§ Work order: Would you please transcribe, exactly as written, the lines of the entries below starting at the one that holds "graph_kernel_Gram_vectors_norm_dist(1)[OF Gram irrefl]" and ending at the one that holds "(2 * \<alpha>) <", both included?

START Supplied material

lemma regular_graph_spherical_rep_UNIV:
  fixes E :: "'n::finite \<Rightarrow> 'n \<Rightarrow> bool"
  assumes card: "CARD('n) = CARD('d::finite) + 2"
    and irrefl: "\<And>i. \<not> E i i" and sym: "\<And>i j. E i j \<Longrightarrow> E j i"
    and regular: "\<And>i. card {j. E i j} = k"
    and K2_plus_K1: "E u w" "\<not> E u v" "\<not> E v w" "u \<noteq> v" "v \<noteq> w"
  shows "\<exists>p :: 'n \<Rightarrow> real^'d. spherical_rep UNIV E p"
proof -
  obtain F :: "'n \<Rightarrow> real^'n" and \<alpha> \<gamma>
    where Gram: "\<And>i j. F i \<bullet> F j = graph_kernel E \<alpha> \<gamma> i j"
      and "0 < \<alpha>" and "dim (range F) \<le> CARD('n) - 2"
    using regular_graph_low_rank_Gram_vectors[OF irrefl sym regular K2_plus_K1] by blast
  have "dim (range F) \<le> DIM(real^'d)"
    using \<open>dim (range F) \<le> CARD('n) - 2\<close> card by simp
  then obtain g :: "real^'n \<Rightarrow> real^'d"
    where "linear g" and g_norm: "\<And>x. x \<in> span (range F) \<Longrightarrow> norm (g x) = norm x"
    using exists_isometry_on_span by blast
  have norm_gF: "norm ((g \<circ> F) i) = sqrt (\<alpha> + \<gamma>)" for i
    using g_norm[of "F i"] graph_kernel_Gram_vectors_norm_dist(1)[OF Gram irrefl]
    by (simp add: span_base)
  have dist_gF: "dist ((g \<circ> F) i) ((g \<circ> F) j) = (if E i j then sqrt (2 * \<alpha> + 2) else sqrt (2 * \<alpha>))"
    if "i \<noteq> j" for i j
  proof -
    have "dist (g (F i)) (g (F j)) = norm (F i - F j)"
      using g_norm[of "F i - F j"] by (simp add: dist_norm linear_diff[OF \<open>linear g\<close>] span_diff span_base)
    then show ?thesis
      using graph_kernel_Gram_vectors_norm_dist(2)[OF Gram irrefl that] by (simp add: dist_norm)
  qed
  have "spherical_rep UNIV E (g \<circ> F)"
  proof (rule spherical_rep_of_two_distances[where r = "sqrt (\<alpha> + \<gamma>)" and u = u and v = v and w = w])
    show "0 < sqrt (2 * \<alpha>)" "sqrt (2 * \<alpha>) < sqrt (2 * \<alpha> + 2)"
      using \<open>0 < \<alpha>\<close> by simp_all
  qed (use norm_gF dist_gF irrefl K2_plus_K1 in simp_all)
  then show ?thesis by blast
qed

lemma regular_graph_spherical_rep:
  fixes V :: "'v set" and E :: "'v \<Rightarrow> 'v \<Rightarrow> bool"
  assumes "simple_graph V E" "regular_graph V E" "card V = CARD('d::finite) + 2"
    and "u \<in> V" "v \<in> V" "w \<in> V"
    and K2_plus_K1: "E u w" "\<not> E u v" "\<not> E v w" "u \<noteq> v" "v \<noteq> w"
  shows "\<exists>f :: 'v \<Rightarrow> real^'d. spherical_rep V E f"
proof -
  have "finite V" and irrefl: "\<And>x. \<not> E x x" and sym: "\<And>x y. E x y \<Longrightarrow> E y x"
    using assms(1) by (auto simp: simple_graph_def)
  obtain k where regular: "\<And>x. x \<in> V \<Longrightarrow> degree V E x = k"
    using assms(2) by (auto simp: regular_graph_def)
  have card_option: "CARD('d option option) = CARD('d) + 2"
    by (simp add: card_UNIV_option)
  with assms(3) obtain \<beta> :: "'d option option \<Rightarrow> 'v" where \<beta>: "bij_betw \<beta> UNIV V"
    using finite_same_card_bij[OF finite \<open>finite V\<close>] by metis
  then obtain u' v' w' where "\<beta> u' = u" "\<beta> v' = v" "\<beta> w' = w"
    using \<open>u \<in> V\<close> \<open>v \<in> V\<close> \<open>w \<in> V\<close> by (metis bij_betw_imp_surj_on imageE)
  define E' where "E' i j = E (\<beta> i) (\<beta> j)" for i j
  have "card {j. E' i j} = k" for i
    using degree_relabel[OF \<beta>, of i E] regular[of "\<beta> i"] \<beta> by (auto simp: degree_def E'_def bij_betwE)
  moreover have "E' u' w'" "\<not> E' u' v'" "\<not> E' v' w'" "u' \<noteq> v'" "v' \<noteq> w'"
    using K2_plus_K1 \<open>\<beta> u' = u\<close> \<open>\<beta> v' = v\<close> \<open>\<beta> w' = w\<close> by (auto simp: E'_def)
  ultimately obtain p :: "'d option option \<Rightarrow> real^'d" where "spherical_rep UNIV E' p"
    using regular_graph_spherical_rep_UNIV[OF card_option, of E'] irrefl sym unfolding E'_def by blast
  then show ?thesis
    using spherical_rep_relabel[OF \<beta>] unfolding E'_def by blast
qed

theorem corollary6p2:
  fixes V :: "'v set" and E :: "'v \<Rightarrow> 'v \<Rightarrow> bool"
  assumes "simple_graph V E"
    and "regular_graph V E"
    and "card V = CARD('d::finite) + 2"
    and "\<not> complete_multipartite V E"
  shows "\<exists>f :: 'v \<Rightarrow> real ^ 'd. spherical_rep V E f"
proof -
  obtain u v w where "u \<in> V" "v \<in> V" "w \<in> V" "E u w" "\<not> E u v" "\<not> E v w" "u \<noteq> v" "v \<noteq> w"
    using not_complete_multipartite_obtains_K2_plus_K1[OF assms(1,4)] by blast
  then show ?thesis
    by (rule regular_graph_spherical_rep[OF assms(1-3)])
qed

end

END Supplied material
START Supplied material

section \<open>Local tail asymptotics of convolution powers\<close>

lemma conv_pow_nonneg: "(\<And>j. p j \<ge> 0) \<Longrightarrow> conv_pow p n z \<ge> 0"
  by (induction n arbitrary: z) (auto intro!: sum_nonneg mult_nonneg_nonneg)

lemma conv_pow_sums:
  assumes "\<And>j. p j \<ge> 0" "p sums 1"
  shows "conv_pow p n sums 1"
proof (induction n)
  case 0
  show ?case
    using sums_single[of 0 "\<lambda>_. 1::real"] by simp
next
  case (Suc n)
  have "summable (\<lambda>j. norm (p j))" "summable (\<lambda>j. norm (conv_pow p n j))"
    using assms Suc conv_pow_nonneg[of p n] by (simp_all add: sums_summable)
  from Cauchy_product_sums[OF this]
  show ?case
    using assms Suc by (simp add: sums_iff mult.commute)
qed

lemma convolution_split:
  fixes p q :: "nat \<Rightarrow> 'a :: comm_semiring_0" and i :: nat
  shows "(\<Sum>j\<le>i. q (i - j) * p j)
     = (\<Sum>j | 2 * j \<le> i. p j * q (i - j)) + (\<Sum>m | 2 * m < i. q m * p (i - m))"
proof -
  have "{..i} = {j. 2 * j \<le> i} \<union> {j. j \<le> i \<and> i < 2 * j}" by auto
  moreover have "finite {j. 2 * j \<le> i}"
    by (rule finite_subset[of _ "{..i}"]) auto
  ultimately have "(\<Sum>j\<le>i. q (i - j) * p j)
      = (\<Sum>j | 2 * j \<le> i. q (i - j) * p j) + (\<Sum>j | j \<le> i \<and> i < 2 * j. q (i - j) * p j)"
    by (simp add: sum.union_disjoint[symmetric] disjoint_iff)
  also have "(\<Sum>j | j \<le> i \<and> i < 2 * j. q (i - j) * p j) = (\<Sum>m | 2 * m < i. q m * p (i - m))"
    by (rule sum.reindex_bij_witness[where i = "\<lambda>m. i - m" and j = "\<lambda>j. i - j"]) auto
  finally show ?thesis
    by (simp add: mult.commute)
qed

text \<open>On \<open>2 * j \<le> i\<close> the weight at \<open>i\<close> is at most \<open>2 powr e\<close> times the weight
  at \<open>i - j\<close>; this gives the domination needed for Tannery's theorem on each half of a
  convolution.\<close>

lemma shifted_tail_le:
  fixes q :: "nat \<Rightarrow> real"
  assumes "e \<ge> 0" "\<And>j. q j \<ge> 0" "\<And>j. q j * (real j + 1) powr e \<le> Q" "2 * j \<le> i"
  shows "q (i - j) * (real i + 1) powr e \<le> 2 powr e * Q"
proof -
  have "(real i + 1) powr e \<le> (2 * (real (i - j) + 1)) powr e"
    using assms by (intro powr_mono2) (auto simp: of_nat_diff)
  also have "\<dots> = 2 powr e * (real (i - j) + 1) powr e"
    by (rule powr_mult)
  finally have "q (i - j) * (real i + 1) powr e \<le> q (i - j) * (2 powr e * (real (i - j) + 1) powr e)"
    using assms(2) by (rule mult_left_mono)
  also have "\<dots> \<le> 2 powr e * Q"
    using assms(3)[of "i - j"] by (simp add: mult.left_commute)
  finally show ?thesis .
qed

END Supplied material

§ Task response:
    using g_norm[of "F i"] graph_kernel_Gram_vectors_norm_dist(1)[OF Gram irrefl]
    by (simp add: span_base)
  have dist_gF: "dist ((g \<circ> F) i) ((g \<circ> F) j) = (if E i j then sqrt (2 * \<alpha> + 2) else sqrt (2 * \<alpha>))"
    if "i \<noteq> j" for i j
  proof -
    have "dist (g (F i)) (g (F j)) = norm (F i - F j)"
      using g_norm[of "F i - F j"] by (simp add: dist_norm linear_diff[OF \<open>linear g\<close>] span_diff span_base)
    then show ?thesis
      using graph_kernel_Gram_vectors_norm_dist(2)[OF Gram irrefl that] by (simp add: dist_norm)
  qed
  have "spherical_rep UNIV E (g \<circ> F)"
  proof (rule spherical_rep_of_two_distances[where r = "sqrt (\<alpha> + \<gamma>)" and u = u and v = v and w = w])
    show "0 < sqrt (2 * \<alpha>)" "sqrt (2 * \<alpha>) < sqrt (2 * \<alpha> + 2)"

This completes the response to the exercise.